(* Let $F$ be a field with valuation $v:F\to\mathbb{R}\cup\{\infty\}$ whose value group $v(F\setminus\{0\})$ is a proper dense subgroup of $\mathbb{R}$, and let $R=\{x\in F:v(x)\ge0\}$. Let $\alpha\in\mathbb{R}_{\ge0}$ with $\alpha\notin v(R\setminus\{0\})$, let $(\alpha_n)_{n\in\mathbb{N}}$ be a sequence in $v(R\setminus\{0\})$ with $\alpha_n\ge\alpha_{n+1}>\alpha$ for all $n$ and $\alpha_n\to\alpha$, choose $r_n\in R$ with $v(r_n)=\alpha_n$, put $f=\sum_n r_nX^n\in R[[X]]$, and let $r\in R$ with $v(r)>\alpha$. Then the finitely generated ideal $J=R[[X]]f+R[[X]]r$ of $R[[X]]$ is not finitely presented. In particular $R[[X]]$ is not a coherent ring.
   Context: A ring is coherent if every finitely generated ideal is finitely presented, i.e. admits an exact sequence $S^m\to S^n\to J\to0$ with $m,n\in\mathbb{N}$. *)

theory Defs
  imports "HOL-Analysis.Analysis" "HOL-Computational_Algebra.Formal_Power_Series"
begin

definition is_valuation :: "('a::field \<Rightarrow> ereal) \<Rightarrow> bool" where
  "is_valuation v \<longleftrightarrow>
     (\<forall>x. v x = \<infinity> \<longleftrightarrow> x = 0) \<and> (\<forall>x. v x \<noteq> -\<infinity>) \<and>
     (\<forall>x y. v (x * y) = v x + v y) \<and>
     (\<forall>x y. min (v x) (v y) \<le> v (x + y))"

definition value_group :: "('a::field \<Rightarrow> ereal) \<Rightarrow> real set" where
  "value_group v = {real_of_ereal (v x) | x. x \<noteq> 0}"

definition dense_in_reals :: "real set \<Rightarrow> bool" where
  "dense_in_reals G \<longleftrightarrow> (\<forall>a b. a < b \<longrightarrow> (\<exists>g\<in>G. a < g \<and> g < b))"

definition val_ring :: "('a::field \<Rightarrow> ereal) \<Rightarrow> 'a set" where
  "val_ring v = {x. 0 \<le> v x}"

definition fps_ring :: "'a::comm_ring_1 set \<Rightarrow> 'a fps set" where
  "fps_ring R = {g. \<forall>n. fps_nth g n \<in> R}"

text \<open>Module-theoretic notions over a commutative ring given as a subring S of an
  ambient commutative ring type. Elements of S^n are functions nat \<Rightarrow> 'b with
  entries in S on {..<n}.\<close>

definition span_in :: "'b::comm_ring_1 set \<Rightarrow> nat \<Rightarrow> (nat \<Rightarrow> 'b) \<Rightarrow> 'b set" where
  "span_in S n g = {(\<Sum>i<n. c i * g i) | c. \<forall>i<n. c i \<in> S}"

definition fin_gen_ideal :: "'b::comm_ring_1 set \<Rightarrow> 'b set \<Rightarrow> bool" where
  "fin_gen_ideal S J \<longleftrightarrow> (\<exists>n g. (\<forall>i<n. g i \<in> S) \<and> J = span_in S n g)"

text \<open>J is finitely presented: there is an exact sequence S^m \<rightarrow> S^n \<rightarrow> J \<rightarrow> 0.
  The map S^n \<rightarrow> J sends e_i to g_i (surjectivity: the g_i generate J), and
  S^m \<rightarrow> S^n sends e_j to k_j; exactness at S^n says its image is the kernel.\<close>
definition finitely_presented_ideal :: "'b::comm_ring_1 set \<Rightarrow> 'b set \<Rightarrow> bool" where
  "finitely_presented_ideal S J \<longleftrightarrow>
    (\<exists>n g. (\<forall>i<n. g i \<in> S) \<and> J = span_in S n g \<and>
      (\<exists>m (k :: nat \<Rightarrow> nat \<Rightarrow> 'b). (\<forall>j<m. \<forall>i<n. k j i \<in> S) \<and>
         {c :: nat \<Rightarrow> 'b. (\<forall>i<n. c i \<in> S) \<and> (\<forall>i\<ge>n. c i = 0) \<and> (\<Sum>i<n. c i * g i) = 0}
         = {(\<lambda>i. if i < n then (\<Sum>j<m. d j * k j i) else 0) | d :: nat \<Rightarrow> 'b. \<forall>j<m. d j \<in> S}))"

definition coherent_ring :: "'b::comm_ring_1 set \<Rightarrow> bool" where
  "coherent_ring S \<longleftrightarrow> (\<forall>J. fin_gen_ideal S J \<longrightarrow> finitely_presented_ideal S J)"

end

(*
  If J = R[[X]] f + R[[X]] r were finitely presented, Schanuel's argument would make the colon
  ideal (r : f) = {a. a f \<in> r R[[X]]} finitely generated.  A Newton polygon estimate shows
  v(r) \<le> v(a_0) + v(r_n) for every a in (r : f) and every n, so v(a_0) \<ge> v(r) - \<alpha>, and the
  inequality is strict because \<alpha> is not a value of R.  Finitely many generators therefore leave
  a gap above v(r) - \<alpha>; by density some v(x) lies in it.  Since v(x) + \<alpha>_n > v(r), the constant
  series x lies in (r : f), yet its constant coefficient has smaller value than every
  R-combination of the constant coefficients of the generators.
*)
theory Submission
  imports Defs
begin

section \<open>Subrings and colon ideals\<close>

definition colon_ideal :: "'b::comm_ring_1 set \<Rightarrow> 'b \<Rightarrow> 'b \<Rightarrow> 'b set" where
  "colon_ideal S r f = {a \<in> S. \<exists>b\<in>S. a * f = b * r}"

locale subring =
  fixes S :: "'b::comm_ring_1 set"
  assumes zero_mem [simp]: "0 \<in> S" and one_mem [simp]: "1 \<in> S"
    and uminus_mem [intro]: "x \<in> S \<Longrightarrow> - x \<in> S"
    and add_mem [intro]: "x \<in> S \<Longrightarrow> y \<in> S \<Longrightarrow> x + y \<in> S"
    and mult_mem [intro]: "x \<in> S \<Longrightarrow> y \<in> S \<Longrightarrow> x * y \<in> S"
begin

lemma diff_mem [intro]: "x \<in> S \<Longrightarrow> y \<in> S \<Longrightarrow> x - y \<in> S"
  unfolding diff_conv_add_uminus by (intro add_mem uminus_mem)

lemma sum_mem [intro]: "(\<And>i. i \<in> A \<Longrightarrow> F i \<in> S) \<Longrightarrow> sum F A \<in> S"
  by (induction A rule: infinite_finite_induct) auto

lemma span_in_generator: "i < n \<Longrightarrow> g i \<in> span_in S n g"
  unfolding span_in_def by (intro CollectI exI[of _ "\<lambda>j. of_bool (j = i)"]) auto

lemma fin_gen_ideal_two_generators:
  assumes "f \<in> S" "r \<in> S"
  shows "fin_gen_ideal S {x * f + y * r | x y. x \<in> S \<and> y \<in> S}"
proof -
  define g where "g i = (if i = 0 then f else r)" for i :: nat
  have two: "(\<Sum>i<2. c i * g i) = c 0 * f + c 1 * r" for c :: "nat \<Rightarrow> 'b"
    by (simp add: g_def numeral_2_eq_2)
  have "{x * f + y * r | x y. x \<in> S \<and> y \<in> S} = span_in S 2 g"
  proof (intro set_eqI iffI)
    fix z assume "z \<in> {x * f + y * r | x y. x \<in> S \<and> y \<in> S}"
    then obtain x y where "x \<in> S" "y \<in> S" "z = x * f + y * r" by blast
    then show "z \<in> span_in S 2 g"
      unfolding span_in_def two by (intro CollectI exI[of _ "\<lambda>i. if i = 0 then x else y"]) auto
  next
    fix z assume "z \<in> span_in S 2 g"
    then obtain c :: "nat \<Rightarrow> 'b" where "\<forall>i<2. c i \<in> S" "z = c 0 * f + c 1 * r"
      unfolding span_in_def two by blast
    moreover from this(1) have "c 0 \<in> S" "c 1 \<in> S" by auto
    ultimately show "z \<in> {x * f + y * r | x y. x \<in> S \<and> y \<in> S}" by blast
  qed
  moreover have "\<forall>i<2. g i \<in> S" using assms by (simp add: g_def)
  ultimately show ?thesis unfolding fin_gen_ideal_def by blast
qed

lemma span_in_subset_colon_ideal:
  assumes "\<And>j. j < M \<Longrightarrow> h j \<in> colon_ideal S r f"
  shows "span_in S M h \<subseteq> colon_ideal S r f"
proof
  fix a assume "a \<in> span_in S M h"
  then obtain s where s: "\<forall>j<M. s j \<in> S" and a: "a = (\<Sum>j<M. s j * h j)"
    unfolding span_in_def by blast
  have "\<forall>j. \<exists>b. j < M \<longrightarrow> b \<in> S \<and> h j * f = b * r"
    using assms unfolding colon_ideal_def by blast
  from choice[OF this] obtain b where b: "\<And>j. j < M \<Longrightarrow> b j \<in> S \<and> h j * f = b j * r"
    by blast
  have "a * f = (\<Sum>j<M. s j * b j) * r"
    unfolding a sum_distrib_right by (intro sum.cong) (auto simp: b mult.assoc)
  moreover have "h j \<in> S" if "j < M" for j
    using assms[OF that] unfolding colon_ideal_def by blast
  then have "a \<in> S" "(\<Sum>j<M. s j * b j) \<in> S"
    unfolding a by (intro sum_mem mult_mem; use s b in simp)+
  ultimately show "a \<in> colon_ideal S r f" unfolding colon_ideal_def by blast
qed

________________

EXERCISE OBJECTIVE
Retype the portion of the data above that starts on the line with "set \<Rightarrow> 'a" and finishes on the line with "entries in S", including both of those lines.

ANSWER BOX
definition fps_ring :: "'a::comm_ring_1 set \<Rightarrow> 'a fps set" where
  "fps_ring R = {g. \<forall>n. fps_nth g n \<in> R}"

text \<open>Module-theoretic notions over a commutative ring given as a subring S of an
  ambient commutative ring type. Elements of S^n are functions nat \<Rightarrow> 'b with
  entries in S on {..<n}.\<close>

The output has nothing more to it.